Paul Deschanel et Germaine Brice : un mariage républicain mais à la mode de Bretagne

La Grande-Bretagne est indissociable de sa monarchie et la famille royale de ces mariages royaux qui, pendant des semaines, assurent les choux gras des gazettes du monde entier. Certains y voient une spécificité propre à ce pays tandis que d’autres, privilégiant une approche plus fonctionnaliste,  n’hésitent pas à voir dans cette médiatisation une sorte de ciment national. On sait ainsi qu’aux Etats-Unis, par exemple, la famille Kennedy dispose dans l’opinion publique d’un statut très particulier, qui n’est d’ailleurs pas sans rappeler la passion que suscitent les Windsor. Et même dans la France de la Belle époque, pays républicain s’il en est, le mariage d’un haut dirigeant ne laisse pas insensible. C’est ce que rappelle l’union, le 16 février 1901 de Paul Deschanel et de Germaine Brice.

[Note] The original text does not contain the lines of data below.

(* Let $G$ be a connected simple graph with maximum degree at most $3$ and minimum degree at least $2$, in which no two adjacent vertices both have degree $3$. Let $M_1,M_2$ be disjoint matchings of $G$ such that $|M_1\cup M_2|$ is maximum over all pairs of disjoint matchings, and, subject to this, such that $G_{M_1,M_2}$ has the minimum number of connected components. Let $H$ be the graph with vertex set $E(G)\setminus(M_1\cup M_2)$ in which two distinct edges are adjacent if and only if their distance in $G$ is at most $2$. Then $H$ has no odd cycle.
   Context: $G_{M_1,M_2}$ denotes the subgraph of $G$ induced by the edge set $E(G)\setminus(M_1\cup M_2)$. The distance between two edges of $G$ is the distance between the corresponding vertices in the line graph of $G$. *)

theory Defs
  imports Main
begin

definition simple_graph :: "'a set \<Rightarrow> 'a set set \<Rightarrow> bool" where
  "simple_graph V E \<longleftrightarrow> finite V \<and> (\<forall>e\<in>E. e \<subseteq> V \<and> card e = 2)"

definition degree :: "'a set set \<Rightarrow> 'a \<Rightarrow> nat" where
  "degree E v = card {e \<in> E. v \<in> e}"

definition adj_rel :: "'a set set \<Rightarrow> ('a \<times> 'a) set" where
  "adj_rel E = {(u, v). {u, v} \<in> E}"

definition connected_graph :: "'a set \<Rightarrow> 'a set set \<Rightarrow> bool" where
  "connected_graph V E \<longleftrightarrow> V \<noteq> {} \<and> (\<forall>u\<in>V. \<forall>v\<in>V. (u, v) \<in> (adj_rel E)\<^sup>*)"

definition matching :: "'a set set \<Rightarrow> 'a set set \<Rightarrow> bool" where
  "matching E M \<longleftrightarrow> M \<subseteq> E \<and> (\<forall>e\<in>M. \<forall>f\<in>M. e \<noteq> f \<longrightarrow> e \<inter> f = {})"

(* connected components of the subgraph induced by the edge set F
   (vertex set = all endpoints of edges of F) *)
definition components :: "'a set set \<Rightarrow> 'a set set" where
  "components F = (\<Union>F) // ((adj_rel F)\<^sup>*)"

definition num_components :: "'a set set \<Rightarrow> nat" where
  "num_components F = card (components F)"

definition line_adj :: "'a set set \<Rightarrow> 'a set \<Rightarrow> 'a set \<Rightarrow> bool" where
  "line_adj E e f \<longleftrightarrow> e \<in> E \<and> f \<in> E \<and> e \<noteq> f \<and> e \<inter> f \<noteq> {}"

(* distance between edges e and f of G (distance in the line graph) is at most k *)
definition edge_dist_le :: "'a set set \<Rightarrow> 'a set \<Rightarrow> 'a set \<Rightarrow> nat \<Rightarrow> bool" where
  "edge_dist_le E e f k \<longleftrightarrow>
     (\<exists>xs. xs \<noteq> [] \<and> length xs \<le> k + 1 \<and> hd xs = e \<and> last xs = f \<and> e \<in> E \<and>
           (\<forall>i. Suc i < length xs \<longrightarrow> line_adj E (xs ! i) (xs ! Suc i)))"

definition is_cycle :: "'b set \<Rightarrow> ('b \<Rightarrow> 'b \<Rightarrow> bool) \<Rightarrow> 'b list \<Rightarrow> bool" where
  "is_cycle W A cs \<longleftrightarrow> length cs \<ge> 3 \<and> distinct cs \<and> set cs \<subseteq> W \<and>
     (\<forall>i < length cs. A (cs ! i) (cs ! ((i + 1) mod length cs)))"

definition has_odd_cycle :: "'b set \<Rightarrow> ('b \<Rightarrow> 'b \<Rightarrow> bool) \<Rightarrow> bool" where
  "has_odd_cycle W A \<longleftrightarrow> (\<exists>cs. is_cycle W A cs \<and> odd (length cs))"

end

theory Submission
  imports Defs
begin

text \<open>
  Write M = M1 \<union> M2 and R = E - M. Maximality of |M| forbids an R-edge whose ends are both
  missed by one of the two matchings, even after a Kempe swap of M1 and M2 along a component of
  M; minimality of the number of components of R forbids trading an M-edge for an R-edge that is
  a component of R on its own. Consequently every degree-3 vertex is covered twice by M, a vertex
  of degree 3 or covered by M lies on at most one R-edge, and an R-edge with both ends of degree 2
  is far from all other R-edges.

  Hence two R-edges e, f at distance at most 2 are linked through a degree-2 vertex x of one of
  them, say e, which lies on f or is matched by M into f; say e points to f. Every edge of H is
  oriented in this way, and each e points to at most one f. A cycle of H would therefore be a
  directed cycle, and four consecutive steps of it would produce three degree-2 vertices that are
  ends of one path component of M, which is impossible. So H has no cycle at all.
\<close>

lemma adj_rel_iff [simp]: "(u, v) \<in> adj_rel F \<longleftrightarrow> {u, v} \<in> F"
  by (simp add: adj_rel_def)

lemma sym_adj_rel: "sym (adj_rel F)"
  by (auto simp: sym_def insert_commute)

lemma adj_rel_rtrancl_sym: "(x, y) \<in> (adj_rel F)\<^sup>* \<Longrightarrow> (y, x) \<in> (adj_rel F)\<^sup>*"
  using sym_rtrancl[OF sym_adj_rel] by (rule symD)

lemma adj_rel_rtrancl_mono: "F \<subseteq> G \<Longrightarrow> (x, y) \<in> (adj_rel F)\<^sup>* \<Longrightarrow> (x, y) \<in> (adj_rel G)\<^sup>*"
  using rtrancl_mono[of "adj_rel F" "adj_rel G"] by (auto simp: adj_rel_def)

lemma adj_rel_rtrancl_endpoint: "(x, y) \<in> (adj_rel F)\<^sup>* \<Longrightarrow> x \<noteq> y \<Longrightarrow> \<exists>h\<in>F. y \<in> h"
  by (induction rule: rtrancl_induct) auto

lemma adj_rel_rtrancl_startpoint: "(x, y) \<in> (adj_rel F)\<^sup>* \<Longrightarrow> x \<noteq> y \<Longrightarrow> \<exists>h\<in>F. x \<in> h"
  using adj_rel_rtrancl_endpoint[OF adj_rel_rtrancl_sym] by metis

lemma components_eq_image: "components F = (\<lambda>x. (adj_rel F)\<^sup>* `` {x}) ` \<Union>F"
  unfolding components_def quotient_def by auto

lemma finite_components: "finite (\<Union>F) \<Longrightarrow> finite (components F)"
  by (simp add: components_eq_image)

Paul Deschanel en son fief électoral: le Perche. Carte postale. Collection particulière.

Une grande partie de la presse bretonne se passionne pour cette cérémonie nuptiale et L’Ouest-Eclair1, dès le lendemain, en publie une description détaillée en première page. A Brest, La Dépêche n’hésite pas à consacrer près de trois colonnes de sa une à l’événement2. A chaque fois, les articles insistent sur la foule venue en masse en l’église de Saint-Germain-des-Prés où se déroule la cérémonie. L’assistance est triée sur le volet et les journalistes précisent bien combien il faut montrer patte blanche, carton d’invitation à l’appui, pour assister à l’événement. Parmi les personnalités mentionnées, le Président de la République, des ministres comme Théophile Delcassé et Alexandre Millerand, ou encore le célèbre préfet de police de Paris Louis Lépine.

Une telle couverture médiatique ne doit pas étonner au regard de la brillante carrière de Paul Deschanel. Si ce nom est aujourd’hui encore dans toutes les mémoires, c’est bien à cause des problèmes de santé qui le frappent. Dépressif et souffrant de somnambulisme, il chute en 1920 du train qui le conduit à Montbrison dans la Loire et démissionne quelques mois plus tard. Devenu malgré-lui l’incarnation de la fragilité des hommes de pouvoir, il n’en est pas moins lors de son mariage un dirigeant politique de haut niveau : Président de la Chambre des députés et parlementaire depuis le milieu des années 1880, il est un véritable ténor républicain qui, de surcroît, siège depuis 1899 à l’Académie française.

Dès lors, comment une figure telle que celle-ci peut-elle s’accommoder de l’imposante couverture médiatique qui entoure son mariage, événement qui jusqu’à preuve du contraire relève de la sphère privée ? La réponse pourrait résider en l’itinéraire personnel des futurs époux. Germaine Brice, l’épouse donc du futur Président de la République, n’est nulle autre que la fille du député républicain d’Ille-et-Vilaine – et figure politique inamovible de ce département du début des années 1870 jusqu’à sa mort en 1921 – René Brice, ce que ne manque bien entendu pas de souligner le quotidien catholique rennais, et rattaché à la République, L’Ouest-Eclair. Le fief politique de Paul Deschanel se trouve quant à lui en Eure-et-Loir, à Nogent-le-Rotrou, où il est élu député. Mais c’est dans le corps préfectoral que ce parlementaire débute vie professionnelle, carrière qui l’amène du reste à être affecté à Brest.

L'église de Saint-Germain-des-Prés où est célébré le mariage de Paul Deschanel. Carte postale. COllection particulière.

Au final, c’est donc bien ce caractère de « régional de l’étape » qui, selon toute vraisemblance, conduit Paul Deschanel à faire la une de L’Ouest-Eclair et de la Dépêche de Brest à l’occasion de son mariage. En témoignent a contrario Le Nouvelliste de l’Ouest à Nantes, Le Moniteur des Côtes-du-Nord à Saint-Brieuc ou encore Le Nouvelliste du Morbihan à Lorient qui ne disent rien de cet événement mondain. Bien entendu, des facteurs tels que la ligne éditoriale ou encore le rythme de publication doivent être pris en compte pour expliquer ce silence. Mais il n’en demeure pas moins que les Républicains, eux-aussi, aiment à célébrer de véritables mariages princiers.

Erwan LE GALL

 

 

 

 

1 « Le mariage Deschanel-Brice », L’Ouest-Eclair, 3e année, n°558, 17 février 1901, p. 1.

2 « Le mariage de M. Deschanel », La Dépêche de Brest, 15e année, n°4723, p. 1.